# Help me please!



## kmf2 (Apr 6, 2006)

Can someone tell me how to see internet sites visited after they have been deleted from the history? My friend got help from an online message board to do this but she can't remember which message board or how to do it. I am hoping someone can help me!!! I use macintosh Internet Explorer 5.2 and I have an IMAC 10.3.9


----------



## tedwinder (Sep 7, 2005)

can't you just ask your friend how to do it? i personally don't think there is a way


----------



## kmf2 (Apr 6, 2006)

tedwinder said:


> can't you just ask your friend how to do it? i personally don't think there is a way


My friend did it a long time ago with step by step help and she also can't use a mac. which is what I have. I know there is info on my computer I just am not advanced enough to find it. I googled "how to retrieve deleted internet history" and all that comes up is sites for erasing stuff. One sight said that they have a program to erase sight visited even after it was deleted from the history so spouses or employers could not go into the hard drive and retrieve them. My friend was checking on if her kids were lying about porn to her and she saw they were cuz they would erase the history but she found it all later with help.


----------



## [email protected] (Nov 11, 2005)

Here's the problem, If the person knew what they were doing you couldn't get the histoy back. I suspect you suspect somebody of a wrong doing of sorts. If that is the case you need some cloak and dagger to catch them on a mac. Once that stuff is deleted on a mac it is deleted. Apple's OS is very good with security. It doesn't store the same information all over the place and save restore points and so on. Even a undelete search of the hard drive I doubt you would be able to retrieve the internet browser history or cache.

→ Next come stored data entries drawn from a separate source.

lemma integral_sq_pooled_ecdf_minus_G_truthful:
  assumes "g = id" "1 \<le> n i" and split: "(t, W) \<in> splits (length pool) w"
  shows "(\<integral>X. (pooled_ecdf (nth pool ` W) (pool ! t) X - G (\<psi> (entry X (pool ! t))))\<^sup>2 \<partial>\<mu>)
    = indicator_variance / (n i + w)"
proof -
  let ?C = "Pair i ` {..<n i} \<union> nth pool ` W"
  note facts = pool_split[OF split]
  have "?C \<subseteq> entries" "pool ! t \<notin> ?C"
    using facts i_less_m by (auto simp: entries_def)
  moreover have "(i, 0) \<in> ?C"
    using \<open>1 \<le> n i\<close> by auto
  then have "?C \<noteq> {}" by blast
  moreover have "Pair i ` {..<n i} \<inter> nth pool ` W = {}"
    using facts(5) by (auto simp: disjoint_iff) (metis fst_conv)
  then have "card ?C = n i + w"
    using facts(3,7) by (simp add: card_Un_disjoint card_image inj_on_def)
  ultimately show ?thesis
    using facts by (simp add: pooled_ecdf_truthful[OF \<open>g = id\<close>] integral_sq_entry_ecdf_minus_G)
qed

end

lemma strategic_agentI:
  assumes "prob_space D" "sets D = sets M" "\<psi> \<in> borel_measurable M" "strategy_measurable M g" "i < m"
  shows "strategic_agent D m \<psi> M g i"
  using assms measurable_cong_sets[OF assms(2) refl]
  by (intro strategic_agent.intro iid_data.intro strategic_agent_axioms.intro) auto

How many accounts are on the Mac? who does the computer belong to? (i.e. you or sombody else) If the computer is yours and you have the administrative account you can install software to bust the other accounts. That is the limits to the game for you I am afraid.


----------



## MacAdict (Apr 14, 2006)

Safari does hold onto a few things much longer than it should. The easiest thing do help you would be cookies.

Go to the Safari menu at the top of the screen. Clock the security tab. Then click view cookies. You should now have a list of sites visited on that computer that left cookies on your hard drive. It is not every site visited, but it is most of the sites.

If there is very little or nothing in this window someone has been clearing the cookies. Though there are good reasons to do this, they may be doing this to hide their tracks.

Safari also keeps a death grip on Favicons, but I am unsure of an easy way to use this to get your history. If you could, however, it would be a great method, as almost no one would think of clearing these out.


----------